From creepy to cool: Buyers are finding unusual things hidden in their homes
The couple was undaunted and moved in. All was well until they renovated the attic.
ll houses harbor the whispers of ghosts who came before. Writers from Celeste Ng to Jhumpa Lahiri have crafted tales about people moving into homes and turning into amateur archaeologists, prowling quiet corners and unearthing secrets. Religious totems, antique toys, medals — tiny flashes of lives long gone, overlapping with the present only due to happenstance.
But sometimes there are sequined bras.
Like so many home buyers in 2009, Matthew Stein and his wife, Cathy, were hopeful.
The couple had found a two-family home behind Somerville’s Union Square, close to Winter Hill. The neighborhood was still somewhat unknown. Prices were reasonable.
“It was a great time to buy,’’ Matthew Stein said.
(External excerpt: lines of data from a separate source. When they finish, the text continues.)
lemma hamvf_J1:
  assumes "FL L < 1"
  shows "hamvf J1 L = of_parts ((lpart L \<times> npart L) /\<^sub>R sqrt (1 - FL L)) 0"
proof -
  have axis_coord: "lpart L \<bullet> lpart (axis b 1) =
      (case b of I12 \<Rightarrow> L$I12 | I13 \<Rightarrow> L$I13 | I14 \<Rightarrow> L$I14 | _ \<Rightarrow> 0)" for b
    by (cases b) (simp_all add: lpart_def inner_vec_def sum_3 axis_def)
  show ?thesis
    unfolding hamvf_def frechet_derivative_at[OF J1_has_derivative[OF assms], symmetric] vec_eq_iff
  proof
    fix a
    show "(\<chi> a. \<Sum>b\<in>UNIV. lpb L a b * (lpart L \<bullet> lpart (axis b 1) / sqrt (1 - FL L))) $ a =
        of_parts ((lpart L \<times> npart L) /\<^sub>R sqrt (1 - FL L)) 0 $ a"
      by (cases a) (simp_all add: axis_coord UNIV_idx lpb_def kd_def lc_simps Let_def of_parts_def
          lpart_components npart_components cross_components divide_inverse algebra_simps)
  qed
qed

lemma J1_not_differentiable:
  assumes "FL p = 1"
  shows "\<not> J1 differentiable (at p)"
proof
  assume J1_diff: "J1 differentiable (at p)"
  define c where "c s = p + s *\<^sub>R of_parts (lpart p) 0" for s :: real
  have "c differentiable (at 0)"
    unfolding c_def by (auto intro!: derivative_eq_intros simp: differentiable_def)
  moreover have "J1 differentiable (at (c 0))"
    using J1_diff by (simp add: c_def)
  ultimately have "(\<lambda>s. 1 - J1 (c s)) differentiable (at 0)"
    using differentiable_chain_at[of c 0 J1] by (simp add: o_def)
  moreover have "1 - J1 (c s) = sqrt (1 - (1 + s)\<^sup>2)" for s
  proof -
    interpret lpart: bounded_linear lpart
      by (rule bounded_linear_lpart)
    have "lpart (c s) = (1 + s) *\<^sub>R lpart p"
      by (simp add: c_def lpart.add lpart.scaleR algebra_simps)
    then have "FL (c s) = (1 + s)\<^sup>2"
      using assms by (simp add: FL_eq_norm_lpart power_mult_distrib)
    then show ?thesis by (simp add: J1_def)
  qed
  moreover have "((\<lambda>s. 1 - (1 + s)\<^sup>2) has_real_derivative - 2) (at (0::real))"
    by (auto intro!: derivative_eq_intros)
  ultimately show False
    using real_sqrt_not_differentiable_at_simple_zero[of "\<lambda>s. 1 - (1 + s)\<^sup>2" "- 2" 0] by simp
qed

lemma J1_periodic_orbit:
  assumes "p \<in> Mh h" and "2 * h = 1" and "FL p < 1"
  obtains \<gamma> where "\<gamma> 0 = p" and "\<And>t. \<gamma> t \<in> Mh h" and "\<And>t. FL (\<gamma> t) = FL p"
    and "\<And>t. (\<gamma> has_vector_derivative hamvf J1 (\<gamma> t)) (at t)" and "\<And>t. \<gamma> (t + 2 * pi) = \<gamma> t"
proof -
  define n where "n = npart p"
  have sphere: "(norm (lpart p))\<^sup>2 + (norm n)\<^sup>2 = 1" and "lpart p \<bullet> n = 0"
    using assms(1,2) by (simp_all add: Mh_iff n_def)
  then have norm_n: "norm n = sqrt (1 - FL p)"
    by (intro real_sqrt_unique[symmetric]) (simp_all add: FL_eq_norm_lpart)
  then have "n \<noteq> 0"
    using assms(3) by auto
  define k where "k = n /\<^sub>R norm n"
  have "norm k = 1" and "lpart p \<bullet> k = 0"
    using \<open>n \<noteq> 0\<close> \<open>lpart p \<bullet> n = 0\<close> by (simp_all add: k_def)
  obtain \<rho> where \<rho>: "\<rho> 0 = lpart p" "\<And>t. norm (\<rho> t) = norm (lpart p)" "\<And>t. \<rho> t \<bullet> k = 0"
    "\<And>t. (\<rho> has_vector_derivative \<rho> t \<times> k) (at t)" "\<And>t. \<rho> (t + 2 * pi) = \<rho> t"
    using axial_rotation_orbit[OF \<open>norm k = 1\<close> \<open>lpart p \<bullet> k = 0\<close>] by blast
  define \<gamma> where "\<gamma> t = of_parts (\<rho> t) n" for t
  have FL_\<gamma>: "FL (\<gamma> t) = FL p" for t
    by (simp add: \<gamma>_def FL_eq_norm_lpart \<rho>(2))
  show ?thesis
  proof
    show "\<gamma> 0 = p" and "\<gamma> (t + 2 * pi) = \<gamma> t" for t
      by (simp_all add: \<gamma>_def \<rho>(1,5) n_def)
    show "\<gamma> t \<in> Mh h" for t
      using sphere \<rho>(3)[of t] \<open>n \<noteq> 0\<close> assms(2)
      by (simp add: Mh_iff \<gamma>_def \<rho>(2) k_def)
    show "FL (\<gamma> t) = FL p" for t
      by (rule FL_\<gamma>)
    show "(\<gamma> has_vector_derivative hamvf J1 (\<gamma> t)) (at t)" for t
    proof -
      have "hamvf J1 (\<gamma> t) = of_parts ((\<rho> t \<times> n) /\<^sub>R sqrt (1 - FL p)) 0"
        using hamvf_J1[of "\<gamma> t"] FL_\<gamma>[of t] assms(3) by (simp add: \<gamma>_def)
      also have "\<dots> = of_parts (\<rho> t \<times> k) 0"
        by (simp add: k_def norm_n cross_mult_right)
      finally have "hamvf J1 (\<gamma> t) = of_parts (\<rho> t \<times> k) 0" .
      with has_vector_derivative_of_parts[OF \<rho>(4)] show ?thesis
        by (simp add: \<gamma>_def[abs_def])
    qed
  qed
qed

theorem lemma13:
  fixes f1 f2 f3 h :: real
  assumes "0 < f1" and "f1 < f2" and "f2 < f3" and "2 * h = 1"
  shows "almost_global_S1 J1 (Mh h) {L \<in> Mh h. FL L = 1}"
proof -
  have regular: "FL p < 1" if "p \<in> Mh h - {L \<in> Mh h. FL L = 1}" for p
    using that FL_le_of_mem_Mh[of p h] assms(4) by auto
  show ?thesis
    unfolding almost_global_S1_def
  proof (intro conjI ballI)
    fix p assume "p \<in> {L \<in> Mh h. FL L = 1}"
    then show "\<not> J1 differentiable (at p)"
      by (simp add: J1_not_differentiable)
  next
    fix p assume "p \<in> Mh h - {L \<in> Mh h. FL L = 1}"
    then show "J1 differentiable (at p)"
      using J1_has_derivative regular differentiable_def by blast
  next
    fix p assume p: "p \<in> Mh h - {L \<in> Mh h. FL L = 1}"
    then obtain \<gamma> where "\<gamma> 0 = p" "\<And>t. \<gamma> t \<in> Mh h" "\<And>t. FL (\<gamma> t) = FL p"
      "\<And>t. (\<gamma> has_vector_derivative hamvf J1 (\<gamma> t)) (at t)" "\<And>t. \<gamma> (t + 2 * pi) = \<gamma> t"
      using J1_periodic_orbit assms(4) regular by blast
    with regular[OF p] show "\<exists>\<gamma> :: real \<Rightarrow> vec6. \<gamma> 0 = p \<and> (\<forall>t. \<gamma> t \<in> Mh h - {L \<in> Mh h. FL L = 1})
        \<and> (\<forall>t. (\<gamma> has_vector_derivative hamvf J1 (\<gamma> t)) (at t)) \<and> (\<forall>t. \<gamma> (t + 2 * pi) = \<gamma> t)"
      by (intro exI[of _ \<gamma>]) auto
  qed
qed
Sure, there was a bit of intrigue: A previous owner was said to be a recluse, neighbors revealed. But no matter. The walkthrough was going swimmingly until the couple reached the basement. Nothing seemed out of the ordinary at first. Laundry, storage area, plumbing.
“But then we turned on a light, and plastered all over the walls were 1970s porn magazine cutouts. My buyer’s agent turned bright red, didn’t say a word, and went upstairs,’’ he said. “I absolutely died laughing.’’
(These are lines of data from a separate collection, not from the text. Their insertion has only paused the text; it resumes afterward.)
(* Let $q:\mathsf D\to\mathbb R$ have sensitivity $\Delta q\in(0,\infty)$, and let $\Lambda$ be a random variable with support in $(0,\infty)$, $\mathbb E[\Lambda]<\infty$, MGF $M_\Lambda$, and $M_\Lambda(\Delta q)<\infty$. Let $\epsilon_R=\ln[\mathbb E(\Lambda)/M'_\Lambda(-\Delta q)]$ be the privacy level of the Randomized DP Laplace mechanism with reciprocal scale $\Lambda$. If $\epsilon_R\ge \ln \mathbb E\big[e^{\Delta q\,\Lambda}\big]=\ln M_\Lambda(\Delta q)$, then for every $\gamma>0$ the usefulness of this mechanism is at most that of the baseline Laplace mechanism with the same privacy level, i.e. $$\mathbb P(|\mathcal M_q(d)-q(d)|\le\gamma)\le 1-e^{-\epsilon_R\gamma/\Delta q}.$$ Equivalently, a necessary condition for the Randomized DP Laplace mechanism to have strictly larger usefulness than the $\epsilon_R$-DP baseline Laplace mechanism for some $\gamma>0$ is $$e^{\epsilon_R}=\frac{\mathbb E(\Lambda)}{M'_\Lambda(-\Delta q)}<M_\Lambda(\Delta q).$$
   Context: Databases form a set $\mathsf D$ with a symmetric adjacency relation; the sensitivity of $q$ is $\Delta q=\sup\{|q(d)-q(d')|:d,d'\text{ adjacent}\}$. The baseline $\epsilon$-DP Laplace mechanism outputs $q(d)+Z$ with $Z$ Laplace of mean $0$ and scale $\Delta q/\epsilon$, so its usefulness at level $\gamma$ is $\mathbb P(|Z|\le\gamma)=1-e^{-\epsilon\gamma/\Delta q}$. The Randomized DP Laplace mechanism with reciprocal-scale distribution $\Lambda$ (a random variable with values in $(0,\infty)$, playing the role of $1/b$ for the Laplace scale $b$) is defined by $\mathcal M_q(d)=q(d)+W$, where conditionally on $\Lambda=\lambda$ the noise $W$ is Laplace with mean $0$ and scale $1/\lambda$, i.e. has density $\frac{\lambda}{2}e^{-\lambda|w|}$; the pair $(\Lambda,W)$ is drawn independently of $d$. $M_\Lambda(t)=\mathbb E[e^{t\Lambda}]$ and $M'_\Lambda(t)=\mathbb E[\Lambda e^{t\Lambda}]$. *)

theory Defs
  imports "HOL-Probability.Probability"
begin

definition sensitivity :: "('d \<Rightarrow> 'd \<Rightarrow> bool) \<Rightarrow> ('d \<Rightarrow> real) \<Rightarrow> real" where
  "sensitivity adj q = Sup {\<bar>q d - q d'\<bar> | d d'. adj d d'}"

definition mgf :: "real measure \<Rightarrow> real \<Rightarrow> real" where
  "mgf L t = (\<integral>x. exp (t * x) \<partial>L)"

definition mgf' :: "real measure \<Rightarrow> real \<Rightarrow> real" where
  "mgf' L t = (\<integral>x. x * exp (t * x) \<partial>L)"

definition laplace_density :: "real \<Rightarrow> real \<Rightarrow> real" where
  "laplace_density l w = l / 2 * exp (- l * \<bar>w\<bar>)"

definition rdp_noise :: "real measure \<Rightarrow> real measure" where
  "rdp_noise L = L \<bind> (\<lambda>l. density lborel (\<lambda>w. ennreal (laplace_density l w)))"

definition rdp_laplace_mech :: "real measure \<Rightarrow> ('d \<Rightarrow> real) \<Rightarrow> 'd \<Rightarrow> real measure" where
  "rdp_laplace_mech L q d = distr (rdp_noise L) borel (\<lambda>w. q d + w)"

definition eps_R :: "real measure \<Rightarrow> real \<Rightarrow> real" where
  "eps_R L \<Delta> = ln ((\<integral>x. x \<partial>L) / mgf' L (- \<Delta>))"

end

theory Submission imports Defs begin

text \<open>Conditionally on \<open>\<Lambda> = \<lambda>\<close> the noise stays in \<open>[-\<gamma>, \<gamma>]\<close> with probability
  \<open>1 - e^{-\<gamma>\<lambda>}\<close>, so the usefulness of the randomized mechanism is \<open>1 - E[e^{-\<gamma>\<Lambda>}]\<close>.
  By Jensen, \<open>E[e^{-\<gamma>\<Lambda>}] \<ge> e^{-\<gamma> E \<Lambda>}\<close> and \<open>e^{\<Delta> E \<Lambda>} \<le> M_\<Lambda>(\<Delta>) \<le> e^{\<epsilon>_R}\<close>,
  i.e. \<open>E \<Lambda> \<le> \<epsilon>_R / \<Delta>\<close>; together these give the bound \<open>1 - e^{-\<epsilon>_R \<gamma> / \<Delta>}\<close>.\<close>

abbreviation laplace_measure :: "real \<Rightarrow> real measure" where
  "laplace_measure l \<equiv> density lborel (\<lambda>w. ennreal (laplace_density l w))"

lemma laplace_density_measurable_prod [measurable]:
  "(\<lambda>(l, w). laplace_density l w) \<in> borel_measurable (borel \<Otimes>\<^sub>M borel)"
  unfolding laplace_density_def by measurable

lemma laplace_density_measurable [measurable]: "laplace_density l \<in> borel_measurable borel"
  unfolding laplace_density_def by measurable

lemma laplace_density_has_integral_interval:
  assumes l: "l > 0" and t: "t \<ge> 0"
  shows "(laplace_density l has_integral (1 - exp (- l * t))) {-t..t}"
proof -
  have "((\<lambda>w. l / 2 * exp (- l * w)) has_integral
          (- 1 / 2 * exp (- l * t)) - (- 1 / 2 * exp (- l * 0))) {0..t}"
    by (rule fundamental_theorem_of_calculus[OF t])
       (auto intro!: derivative_eq_intros
             simp: has_real_derivative_iff_has_vector_derivative[symmetric])
  then have "((\<lambda>w. l / 2 * exp (- l * w)) has_integral (1 / 2 - 1 / 2 * exp (- l * t))) {0..t}"
    by simp
  then have right: "(laplace_density l has_integral (1 / 2 - 1 / 2 * exp (- l * t))) {0..t}"
    by (rule has_integral_eq[rotated]) (auto simp: laplace_density_def)
  have "((\<lambda>w. l / 2 * exp (l * w)) has_integral
          (1 / 2 * exp (l * 0)) - (1 / 2 * exp (l * (- t)))) {-t..0}"
    using t by (intro fundamental_theorem_of_calculus)
       (auto intro!: derivative_eq_intros
             simp: has_real_derivative_iff_has_vector_derivative[symmetric])
  then have "((\<lambda>w. l / 2 * exp (l * w)) has_integral (1 / 2 - 1 / 2 * exp (- l * t))) {-t..0}"
    by simp
  then have left: "(laplace_density l has_integral (1 / 2 - 1 / 2 * exp (- l * t))) {-t..0}"
    by (rule has_integral_eq[rotated]) (auto simp: laplace_density_def)
  show ?thesis
    using has_integral_combine[OF _ _ left right] t by simp
qed

lemma emeasure_laplace_interval:
  assumes "l > 0" and "t \<ge> 0"
  shows "emeasure (laplace_measure l) {-t..t} = ennreal (1 - exp (- l * t))"
proof -
  have "emeasure (laplace_measure l) {-t..t}
      = (\<integral>\<^sup>+ w. ennreal (laplace_density l w) * indicator {-t..t} w \<partial>lborel)"
    by (rule emeasure_density) auto
  also have "\<dots> = ennreal (1 - exp (- l * t))"
    using assms
    by (intro nn_integral_has_integral_lebesgue' laplace_density_has_integral_interval)
       (auto simp: laplace_density_def)
  finally show ?thesis .
qed

text \<open>The mixing kernel must be a subprobability for every \<open>l\<close>, including the meaningless
  scales \<open>l \<le> 0\<close>, where the density is nonpositive and hence vanishes in \<open>ennreal\<close>.\<close>

lemma emeasure_laplace_nonpos_scale:
  assumes "l \<le> 0" and "A \<in> sets borel"
  shows "emeasure (laplace_measure l) A = 0"
proof -
  have "laplace_density l w \<le> 0" for w
    using assms(1) by (simp add: laplace_density_def mult_nonpos_nonneg)
  then have "(\<lambda>w. ennreal (laplace_density l w) * indicator A w) = (\<lambda>_. 0)"
    by (simp add: ennreal_neg)
  with assms(2) show ?thesis
    by (subst emeasure_density) auto
qed

lemma subprob_space_laplace_measure: "subprob_space (laplace_measure l)"
proof (rule subprob_spaceI)
  show "emeasure (laplace_measure l) (space (laplace_measure l)) \<le> 1"
  proof (cases "l > 0")
    case True
    have "x \<in> (\<Union>n. {- real n..real n})" for x :: real
    proof -
      obtain n where "\<bar>x\<bar> \<le> real n"
        using real_arch_simple by blast
      then show ?thesis
        by (auto simp: abs_le_iff intro!: exI[of _ n])
    qed
    then have UNIV_eq: "(UNIV :: real set) = (\<Union>n. {- real n..real n})"
      by blast
    have "emeasure (laplace_measure l) (\<Union>n. {- real n..real n})
        = (SUP n. emeasure (laplace_measure l) {- real n..real n})"
      by (rule SUP_emeasure_incseq[symmetric]) (auto simp: incseq_def)
    also have "\<dots> \<le> 1"
      using True by (intro SUP_least) (simp add: emeasure_laplace_interval)
    finally show ?thesis
      by (simp flip: UNIV_eq)
  qed (simp add: emeasure_laplace_nonpos_scale)
qed simp

lemma measurable_laplace_measure:
  assumes "sets L = sets borel"
  shows "laplace_measure \<in> measurable L (subprob_algebra lborel)"
proof (rule measurable_subprob_algebra)
  fix A :: "real set" assume A: "A \<in> sets lborel"
  have "(\<lambda>l. emeasure (laplace_measure l) A)
      = (\<lambda>l. \<integral>\<^sup>+ w. ennreal (laplace_density l w) * indicator A w \<partial>lborel)"
    using A by (intro ext emeasure_density) auto
  also have "\<dots> \<in> borel_measurable borel"
    using A by measurable
  finally show "(\<lambda>l. emeasure (laplace_measure l) A) \<in> borel_measurable L"
    by (subst measurable_cong_sets[OF assms refl])
qed (simp_all add: subprob_space_laplace_measure)

lemma sets_rdp_noise:
  assumes "prob_space L" and "sets L = sets borel"
  shows "sets (rdp_noise L) = sets borel"
  using assms measurable_laplace_measure[OF assms(2)]
  by (auto simp: rdp_noise_def prob_space.not_empty intro!: sets_bind)

lemma integrable_exp_neg_mult:
  fixes L :: "real measure"
  assumes "prob_space L" and "sets L = sets borel" and "AE l in L. 0 < l" and "t \<ge> 0"
  shows "integrable L (\<lambda>l. exp (- t * l))"
proof (rule finite_measure.integrable_const_bound[where B = 1])
  show "finite_measure L"
    using assms(1) by (rule prob_space.finite_measure)
  show "AE l in L. norm (exp (- t * l)) \<le> 1"
    using assms(3) by eventually_elim (use assms(4) in simp)
qed (simp add: measurable_cong_sets[OF assms(2) refl])

lemma measure_rdp_noise_interval:
  assumes L: "prob_space L" "sets L = sets borel" and pos: "AE l in L. 0 < l"
    and t: "t \<ge> 0"
  shows "measure (rdp_noise L) {-t..t} = 1 - (\<integral>l. exp (- t * l) \<partial>L)"
proof -
  interpret prob_space L by (rule L(1))
  have int_exp: "integrable L (\<lambda>l. exp (- t * l))"
    by (rule integrable_exp_neg_mult[OF L pos t])
  have nonneg: "AE l in L. 0 \<le> 1 - exp (- t * l)"
    using pos by eventually_elim (use t in simp)
  have "emeasure (rdp_noise L) {-t..t} = (\<integral>\<^sup>+ l. emeasure (laplace_measure l) {-t..t} \<partial>L)"
    unfolding rdp_noise_def
    by (rule emeasure_bind[OF not_empty measurable_laplace_measure[OF L(2)]]) simp
  also have "\<dots> = (\<integral>\<^sup>+ l. ennreal (1 - exp (- t * l)) \<partial>L)"
    using pos t by (intro nn_integral_cong_AE) (auto simp: emeasure_laplace_interval mult.commute)
  also have "\<dots> = ennreal (\<integral>l. 1 - exp (- t * l) \<partial>L)"
    using int_exp nonneg by (intro nn_integral_eq_integral) auto
  finally have "measure (rdp_noise L) {-t..t} = (\<integral>l. 1 - exp (- t * l) \<partial>L)"
    using integral_nonneg_AE[OF nonneg] by (simp add: measure_def)
  also have "\<dots> = 1 - (\<integral>l. exp (- t * l) \<partial>L)"
    using int_exp by (simp add: prob_space)
  finally show ?thesis .
qed

lemma measure_rdp_laplace_mech_ball:
  assumes "prob_space L" and "sets L = sets borel"
  shows "measure (rdp_laplace_mech L q d) {y. \<bar>y - q d\<bar> \<le> \<gamma>} = measure (rdp_noise L) {-\<gamma>..\<gamma>}"
proof -
  have sets_N: "sets (rdp_noise L) = sets borel"
    by (rule sets_rdp_noise[OF assms])
  have "measure (rdp_laplace_mech L q d) {y. \<bar>y - q d\<bar> \<le> \<gamma>}
      = measure (rdp_noise L) ((\<lambda>w. q d + w) -` {y. \<bar>y - q d\<bar> \<le> \<gamma>} \<inter> space (rdp_noise L))"
    unfolding rdp_laplace_mech_def
    by (rule measure_distr) (auto simp: measurable_cong_sets[OF sets_N refl])
  also have "(\<lambda>w. q d + w) -` {y. \<bar>y - q d\<bar> \<le> \<gamma>} \<inter> space (rdp_noise L) = {-\<gamma>..\<gamma>}"
    using sets_eq_imp_space_eq[OF sets_N] by (auto simp: abs_le_iff)
  finally show ?thesis .
qed

lemma exp_mean_le_integral_exp:
  fixes M :: "real measure"
  assumes "prob_space M" and "integrable M (\<lambda>x. x)" and "integrable M (\<lambda>x. exp (c * x))"
  shows "exp (c * (\<integral>x. x \<partial>M)) \<le> (\<integral>x. exp (c * x) \<partial>M)"
proof -
  have "exp (\<integral>x. c * x \<partial>M) \<le> (\<integral>x. exp (c * x) \<partial>M)"
    using assms exp_convex by (intro prob_space.jensens_inequality[where I = UNIV]) auto
  then show ?thesis
    by simp
qed

lemma mean_le_eps_R_div:
  assumes "prob_space L" and "integrable L (\<lambda>x. x)" and "integrable L (\<lambda>x. exp (s * x))"
    and "s > 0" and "eps_R L s \<ge> ln (mgf L s)"
  shows "(\<integral>x. x \<partial>L) \<le> eps_R L s / s"
proof -
  have "exp (s * (\<integral>x. x \<partial>L)) \<le> mgf L s"
    unfolding mgf_def using assms by (intro exp_mean_le_integral_exp)
  then have "s * (\<integral>x. x \<partial>L) \<le> ln (mgf L s)"
    by (subst ln_ge_iff) (auto intro: less_le_trans[OF exp_gt_zero])
  with assms show ?thesis
    by (simp add: field_simps)
qed

theorem mainTheorem6:
  fixes adj :: "'d \<Rightarrow> 'd \<Rightarrow> bool" and q :: "'d \<Rightarrow> real" and L :: "real measure"
    and \<gamma> :: real and d :: 'd
  assumes adj_sym: "symp adj"
    and adj_ne: "\<exists>d d'. adj d d'"
    and sens_bdd: "bdd_above {\<bar>q d - q d'\<bar> | d d'. adj d d'}"
    and sens_pos: "sensitivity adj q > 0"
    and L_prob: "prob_space L"
    and L_sets: "sets L = sets borel"
    and L_pos: "AE x in L. 0 < x"
    and L_mean: "integrable L (\<lambda>x. x)"
    and L_mgf: "integrable L (\<lambda>x. exp (sensitivity adj q * x))"
    and cond: "eps_R L (sensitivity adj q) \<ge> ln (mgf L (sensitivity adj q))"
    and \<gamma>_pos: "\<gamma> > 0"
  shows "measure (rdp_laplace_mech L q d) {y. \<bar>y - q d\<bar> \<le> \<gamma>}
           \<le> 1 - exp (- eps_R L (sensitivity adj q) * \<gamma> / sensitivity adj q)"
proof -
  \<comment> \<open>The hypotheses on \<open>adj\<close> only make the sensitivity meaningful; its positivity is all we use.\<close>
  define s where "s = sensitivity adj q"
  have "\<gamma> * (\<integral>x. x \<partial>L) \<le> \<gamma> * (eps_R L s / s)"
    using mean_le_eps_R_div[OF L_prob L_mean] L_mgf sens_pos cond \<gamma>_pos
    by (intro mult_left_mono) (auto simp: s_def)
  then have "exp (- eps_R L s * \<gamma> / s) \<le> exp (- \<gamma> * (\<integral>x. x \<partial>L))"
    by (simp add: mult.commute)
  also have "\<dots> \<le> (\<integral>x. exp (- \<gamma> * x) \<partial>L)"
    using L_prob L_sets L_pos \<gamma>_pos
    by (intro exp_mean_le_integral_exp[OF L_prob L_mean] integrable_exp_neg_mult) auto
  finally have "exp (- eps_R L s * \<gamma> / s) \<le> (\<integral>x. exp (- \<gamma> * x) \<partial>L)" .
  moreover have "measure (rdp_laplace_mech L q d) {y. \<bar>y - q d\<bar> \<le> \<gamma>} = 1 - (\<integral>x. exp (- \<gamma> * x) \<partial>L)"
    using measure_rdp_laplace_mech_ball[OF L_prob L_sets]
      measure_rdp_noise_interval[OF L_prob L_sets L_pos less_imp_le[OF \<gamma>_pos]]
    by (rule trans)
  ultimately show ?thesis
    by (simp add: s_def)
qed

end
The images seemed to span eras, ranging from full-page 1970s cutouts to smaller centerfolds in the 1980s, complete with big hair and tan lines.
The couple was undaunted and moved in. All was well until they renovated the attic.
“We found a decaying plastic bag of pasties, skimpy bikini tops, and a bunch of women’s shoes, all unworn, stuck into the eaves,’’ he said.
The couple disposed of the salacious garb, but the cutouts remain in the basement. (Their first-floor tenants have a sense of humor about it.)
However, this bounty seems downright benign compared with the extremely graphic porn magazines that Tim and Caitlin Cunningham discovered upon moving into their West Medford Colonial, mixed in with copies of National Geographic. The plot thickened when they peeled away wallpaper in an upstairs bedroom, revealing “primitive, crude’’ cartoon drawings from a teenager complaining about her mother next to scrawls about school crushes. Perhaps someone felt a touch of guilt, though: The Cunninghams also found paintings of Jesus in the attic.
“It’s like someone leaving leftover food in your fridge — this residual quality of knowing a family lived here,’’ Cunningham said.
Or, perhaps, a killer.
Jamie Coelho’s husband, Andre, was clearing debris from beneath the shed of their Swansea home two years ago when he made a jarring discovery.
“Out came this handle,’’ Jamie Coelho recalled. “He thought it was a rake, but it was a creepy antique scythe. It looked like a murder weapon, a Grim Reaper tool. We thought about selling it, but we were a little bit frightened of it, to be honest.’’
They slipped the 6-foot-tall relic back from whence it came.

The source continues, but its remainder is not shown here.